Research Project: Intervention Strategies to Control Endemic and New and Emerging Viral Diseases of Swine

Location: Virus and Prion Research

Title: Senecavirus A: Frequently asked questions

Author
item Buckley, Alexandra
item Lager, Kelly

Submitted to: Swine Health and Production
Publication Type: Peer Reviewed Journal
Publication Acceptance Date: 9/8/2021
Publication Date: 5/2/2022
Citation: Devries, A.C., Lager, K.M. 2022. Senecavirus A: Frequently asked questions. Swine Health and Production. 30(3):149-159. https://doi.org/10.54846/jshap/1270.
DOI: https://doi.org/10.54846/jshap/1270

Interpretive Summary: Senecavirus A (SVA) has been demonstrated to be a causative agent for vesicular disease in swine. It is clinically indistinguishable from other agents that cause vesicular disease such foot-and-mouth disease virus (FMDV). FMDV is a foreign animal disease (FAD), thus every time a vesicle is observed an investigation is initiated to rule out FMDV. SVA has now been reported across the Americas and Asia, and it appears the ecology of this virus has changed from sporadic infections to an endemic disease in some areas. In addition to vesicular disease there have also been reports of increased neonatal mortality on affected sow farms. Knowledge about the pathogenesis of SVA in swine can provide many benefits to the swine industry. Understanding how long the virus can be detected in various sample types after infection can aide in choosing the correct samples to collect for diagnosis. In addition, the duration of virus shedding can help determine measures to control virus spread between animals. Prevention of SVA infection and disease with an efficacious vaccine could improve swine welfare, minimize SVA transmission, and reduce the burden of FAD investigations.

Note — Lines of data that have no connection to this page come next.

lemma C1_on_imp_C1_deriv_on: "C1_on S f \<Longrightarrow> C1_deriv_on S f (\<lambda>z. frechet_derivative f (at z))"
  unfolding C1_on_def C1_deriv_on_def using frechet_derivative_works by blast

lemma C1_deriv_onD: "C1_deriv_on S f f' \<Longrightarrow> z \<in> S \<Longrightarrow> (f has_derivative f' z) (at z)"
  unfolding C1_deriv_on_def by blast

lemma C1_deriv_on_continuous_on: "C1_deriv_on S f f' \<Longrightarrow> continuous_on S f"
  unfolding C1_deriv_on_def
  by (meson continuous_at_imp_continuous_on has_derivative_continuous)

lemma C1_deriv_on_const: "C1_deriv_on S (\<lambda>z. a) (\<lambda>z h. 0)"
  unfolding C1_deriv_on_def by (auto intro!: derivative_intros continuous_intros)

lemma C1_deriv_on_add:
  "C1_deriv_on S f f' \<Longrightarrow> C1_deriv_on S g g' \<Longrightarrow>
     C1_deriv_on S (\<lambda>z. f z + g z) (\<lambda>z h. f' z h + g' z h)"
  unfolding C1_deriv_on_def by (auto intro!: derivative_intros continuous_intros)

lemma C1_deriv_on_scaleR:
  fixes f :: "_ \<Rightarrow> real"
  assumes "C1_deriv_on S f f'" "C1_deriv_on S g g'"
  shows "C1_deriv_on S (\<lambda>z. f z *\<^sub>R g z) (\<lambda>z h. f z *\<^sub>R g' z h + f' z h *\<^sub>R g z)"
  using assms C1_deriv_on_continuous_on[OF assms(1)] C1_deriv_on_continuous_on[OF assms(2)]
  unfolding C1_deriv_on_def by (auto intro!: derivative_intros continuous_intros)

lemma C1_deriv_on_mult:
  fixes f g :: "_ \<Rightarrow> real"
  assumes "C1_deriv_on S f f'" "C1_deriv_on S g g'"
  shows "C1_deriv_on S (\<lambda>z. f z * g z) (\<lambda>z h. f z * g' z h + f' z h * g z)"
  using C1_deriv_on_scaleR[OF assms] by simp
text \<open>Here \<open>c j\<close> counts the orbits of \<open>k\<close>-sets meeting a cycle of length \<open>l\<close> in \<open>j\<close>
  points; \<open>j\<close> is realisable exactly when \<open>j \<le> k\<close> and \<open>k - j \<le> m - l\<close>.\<close>

lemma five_le_sum_levels:
  fixes c :: "nat \<Rightarrow> nat"
  assumes "4 \<le> l" "l \<le> m" "8 \<le> m" "3 \<le> k" "2 * k \<le> m"
    and bound: "\<And>j. j \<le> k \<Longrightarrow> k - j \<le> m - l \<Longrightarrow> l choose j \<le> l * c j"
  shows "5 \<le> (\<Sum>j\<in>{k - (m - l)..k}. c j)"
proof -
  define r where "r = m - l"
  have inner: "(l - 1) choose (i - 1) \<le> i * c j"
    if "0 < i" "i \<le> j" "j + i \<le> l" "j \<le> k" "k - j \<le> r" for i j
    using binomial_le_binomial_inner[OF that(2,3)] bound[OF that(4)] that(1,5) assms(1)
    by (intro binomial_pred_le_if_binomial_le) (auto simp: r_def)
  have one: "1 \<le> c j" if "j \<le> l" "j \<le> k" "k - j \<le> r" for j
    using bound[of j] that zero_less_binomial[of j l] by (cases "c j") (auto simp: r_def)
  have middle: "l - 1 \<le> 2 * c j" if "2 \<le> j" "j + 2 \<le> l" "j \<le> k" "k - j \<le> r" for j
    using inner[of 2 j] that by simp
  have sum_ge: "(\<Sum>j\<in>J. c j) \<le> (\<Sum>j\<in>{k - r..k}. c j)" if "J \<subseteq> {k - r..k}" for J
    using that by (intro sum_mono2) auto
  consider "r = 0" | "r = 1 \<or> r = 2" | "3 \<le> r" by linarith
  then show ?thesis
  proof cases
    case 1
    have "(l - 1) choose (3 - 1) \<le> 3 * c k"
      using inner[of 3 k] 1 assms by (simp add: r_def)
    moreover have "(7::nat) choose 2 \<le> (l - 1) choose 2"
      using 1 assms(3) by (intro binomial_right_mono) (simp add: r_def)
    ultimately have "5 \<le> c k" by (simp add: numeral_eq_Suc)
    with 1 show ?thesis by (simp add: r_def)
  next
    case 2
    have three: "3 \<le> c j" if "j = k - 1 \<or> j = k" for j
    proof -
      have "l - 1 \<le> 2 * c j" using that 2 assms by (intro middle) (auto simp: r_def)
      moreover have "6 \<le> l" using 2 assms(3) by (auto simp: r_def)
      ultimately show ?thesis by linarith
    qed
    have "3 \<le> c (k - 1)" "3 \<le> c k" by (simp_all add: three)
    then have "5 \<le> (\<Sum>j\<in>{k - 1, k}. c j)" using assms(4) by simp
    also have "\<dots> \<le> (\<Sum>j\<in>{k - r..k}. c j)" using 2 by (intro sum_ge) auto
    finally show ?thesis by (simp add: r_def)
  next
    case 3
    define a where "a = k - min k r"
    have "1 \<le> c a" "1 \<le> c (a + 1)" "1 \<le> c (a + 3)"
      using one[of a] one[of "a + 1"] one[of "a + 3"] 3 assms by (auto simp: a_def r_def)
    moreover have "2 \<le> c (a + 2)"
    proof -
      have "a + 4 \<le> l" using 3 assms by (auto simp: a_def r_def min_def)
      then have "l - 1 \<le> 2 * c (a + 2)" using 3 assms(4) by (intro middle) (auto simp: a_def)
      then show ?thesis using assms(1) by linarith
    qed
    ultimately have "5 \<le> (\<Sum>j\<in>{a, a + 1, a + 2, a + 3}. c j)" by simp
    also have "\<dots> \<le> (\<Sum>j\<in>{k - r..k}. c j)" using 3 assms(4) by (intro sum_ge) (auto simp: a_def)
    finally show ?thesis by (simp add: r_def)
  qed
qed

Technical Abstract: Senecavirus A (SVA) has been demonstrated to be a causative agent for vesicular disease in swine. It is clinically indistinguishable from other agents that cause vesicular disease such foot-and-mouth disease virus (FMDV). FMDV is a foreign animal disease (FAD), thus every time a vesicle is observed an investigation is initiated to rule out FMDV. SVA has now been reported across the Americas and Asia, and it appears the ecology of this virus has changed from sporadic infections to an endemic disease in some areas. In addition to vesicular disease there have also been reports of increased neonatal mortality on affected sow farms. Knowledge about the pathogenesis of SVA in swine can provide many benefits to the swine industry. Understanding how long the virus can be detected in various sample types after infection can aide in choosing the correct samples to collect for diagnosis. In addition, the duration of virus shedding can help determine measures to control virus spread between animals. Prevention of SVA infection and disease with an efficacious vaccine could improve swine welfare, minimize SVA transmission, and reduce the burden of FAD investigations.